Work to complete: Each line in the records below, from the one that contains "a b \<noteq>" to the one that contains "by (auto simp: meets_def algebra_simps)", should be reproduced exactly, the first and last included.

Supplied entries:
definition xsign :: "xdata \<Rightarrow> complex" where
  "xsign d = (let c1 = fst (in_comps d); c2 = snd (in_comps d);
                  co = (if over1 d then c1 else c2); cu = (if over1 d then c2 else c1)
              in if co \<and> \<not> cu then 1
                 else if \<not> co \<and> cu then -1
                 else if co then \<i> else - \<i>)"

definition type1 :: "xdata \<Rightarrow> bool" where
  "type1 d \<longleftrightarrow> fst (in_comps d) \<noteq> snd (in_comps d)"

definition type2 :: "xdata \<Rightarrow> bool" where
  "type2 d \<longleftrightarrow> fst (in_comps d) = snd (in_comps d)"

definition crossing_change :: "xdata \<Rightarrow> xdata" where
  "crossing_change d = d\<lparr>over1 := \<not> over1 d\<rparr>"

text \<open>Reversing the orientation of D: both branches are traversed backwards;
the strands (as point sets) and their component labels are unchanged.\<close>
definition reverse :: "xdata \<Rightarrow> xdata" where
  "reverse d = d\<lparr>dir1 := - dir1 d, dir2 := - dir2 d\<rparr>"

text \<open>Relabeling D^2: R and L swap, i.e. on each branch the other strand is R.\<close>
definition relabel :: "xdata \<Rightarrow> xdata" where
  "relabel d = d\<lparr>roff1 := - roff1 d, roff2 := - roff2 d\<rparr>"

end

theory Submission
  imports Defs
begin

text \<open>Solving o1 + t1 dir1 = o2 + t2 dir2 by Cramer's rule (with the
cross product Im (cnj u * v)) shows that the meeting parameter on a strand depends affinely
on the offset of the other strand, so the input crossing is the pair of offsets
(-\<sigma> w i dir1, \<sigma> w i dir2), where \<sigma> is the sign of the cross product of dir1 and dir2.
In particular In(x) does not see the over/under data or the labeling, and reversing both
directions negates both offsets while keeping \<sigma>. So a crossing change only swaps the
roles of the over and under strand at In(x), whereas relabeling and reversal both swap the
R/L membership of both strands at In(x); the sign rules follow by inspecting the cases.\<close>

definition cross :: "complex \<Rightarrow> complex \<Rightarrow> real" where
  "cross u v = Im (cnj u * v)"

lemma cross_self [simp]: "cross u u = 0"
  by (simp add: cross_def)

lemma cross_commute: "cross v u = - cross u v"
  by (simp add: cross_def algebra_simps)

lemma cross_diff_left: "cross (u - v) w = cross u w - cross v w"
  by (simp add: cross_def algebra_simps)

lemma cross_of_real_mult_left [simp]: "cross (of_real s * u) v = s * cross u v"
  by (simp add: cross_def algebra_simps)

lemma cross_neg_left [simp]: "cross (- u) v = - cross u v"
  by (simp add: cross_def)

lemma cross_expansion: "of_real (cross a b) * z = of_real (cross z b) * a - of_real (cross z a) * b"
  by (simp add: cross_def complex_eq_iff algebra_simps)

lemma real_coordinates_unique:
  assumes "cross a b \<noteq> 0"
  shows "of_real t1 * a - of_real t2 * b = z \<longleftrightarrow> t1 = cross z b / cross a b \<and> t2 = cross z a / cross a b"
proof
  assume "of_real t1 * a - of_real t2 * b = z"
  then have "cross z b = t1 * cross a b" "cross z a = t2 * cross a b"
    by (auto simp: cross_diff_left cross_commute[of a b])
  then show "t1 = cross z b / cross a b \<and> t2 = cross z a / cross a b"
    using assms by simp
next
  assume "t1 = cross z b / cross a b \<and> t2 = cross z a / cross a b"
  then have "cross a b * t1 = cross z b" "cross a b * t2 = cross z a"
    using assms by simp_all
  then have "of_real (cross a b) * (of_real t1 * a - of_real t2 * b) = of_real (cross a b) * z"
    by (simp add: cross_expansion[of a b z] right_diff_distrib flip: mult.assoc of_real_mult)
  then show "of_real t1 * a - of_real t2 * b = z"
    using assms by simp
qed

lemma cross_offset: "cross (of_real w * \<i> * u) u = - w * (cmod u)\<^sup>2"
  by (simp add: cross_def cmod_power2 algebra_simps) (simp add: power2_eq_square)

lemma meets_iff:
  assumes "cross (dir1 d) (dir2 d) \<noteq> 0"
  shows "meets d o1 o2 t1 t2 \<longleftrightarrow>
    t1 = cross (o2 - o1) (dir2 d) / cross (dir1 d) (dir2 d) \<and>
    t2 = cross (o2 - o1) (dir1 d) / cross (dir1 d) (dir2 d)"
proof -
  have "meets d o1 o2 t1 t2 \<longleftrightarrow> of_real t1 * dir1 d - of_real t2 * dir2 d = o2 - o1"
    by (auto simp: meets_def algebra_simps)
  then show ?thesis
    using real_coordinates_unique[OF assms] by simp
qed

lemma is_input_iff:
  assumes "cross (dir1 d) (dir2 d) \<noteq> 0"
  defines "c \<equiv> cross (dir1 d) (dir2 d)"
  shows "is_input d o1 o2 \<longleftrightarrow> o1 \<in> offs1 d \<and> o2 \<in> offs2 d \<and>
    (\<forall>o2'\<in>offs2 d. cross o2 (dir2 d) / c \<le> cross o2' (dir2 d) / c) \<and>
    (\<forall>o1'\<in>offs1 d. cross o1' (dir1 d) / c \<le> cross o1 (dir1 d) / c)"
  using assms by (simp add: is_input_def meets_iff cross_diff_left diff_divide_distrib)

Your response:
  assumes "cross a b \<noteq> 0"
  shows "of_real t1 * a - of_real t2 * b = z \<longleftrightarrow> t1 = cross z b / cross a b \<and> t2 = cross z a / cross a b"
proof
  assume "of_real t1 * a - of_real t2 * b = z"
  then have "cross z b = t1 * cross a b" "cross z a = t2 * cross a b"
    by (auto simp: cross_diff_left cross_commute[of a b])
  then show "t1 = cross z b / cross a b \<and> t2 = cross z a / cross a b"
    using assms by simp
next
  assume "t1 = cross z b / cross a b \<and> t2 = cross z a / cross a b"
  then have "cross a b * t1 = cross z b" "cross a b * t2 = cross z a"
    using assms by simp_all
  then have "of_real (cross a b) * (of_real t1 * a - of_real t2 * b) = of_real (cross a b) * z"
    by (simp add: cross_expansion[of a b z] right_diff_distrib flip: mult.assoc of_real_mult)
  then show "of_real t1 * a - of_real t2 * b = z"
    using assms by simp
qed

lemma cross_offset: "cross (of_real w * \<i> * u) u = - w * (cmod u)\<^sup>2"
  by (simp add: cross_def cmod_power2 algebra_simps) (simp add: power2_eq_square)

lemma meets_iff:
  assumes "cross (dir1 d) (dir2 d) \<noteq> 0"
  shows "meets d o1 o2 t1 t2 \<longleftrightarrow>
    t1 = cross (o2 - o1) (dir2 d) / cross (dir1 d) (dir2 d) \<and>
    t2 = cross (o2 - o1) (dir1 d) / cross (dir1 d) (dir2 d)"
proof -
  have "meets d o1 o2 t1 t2 \<longleftrightarrow> of_real t1 * dir1 d - of_real t2 * dir2 d = o2 - o1"
    by (auto simp: meets_def algebra_simps)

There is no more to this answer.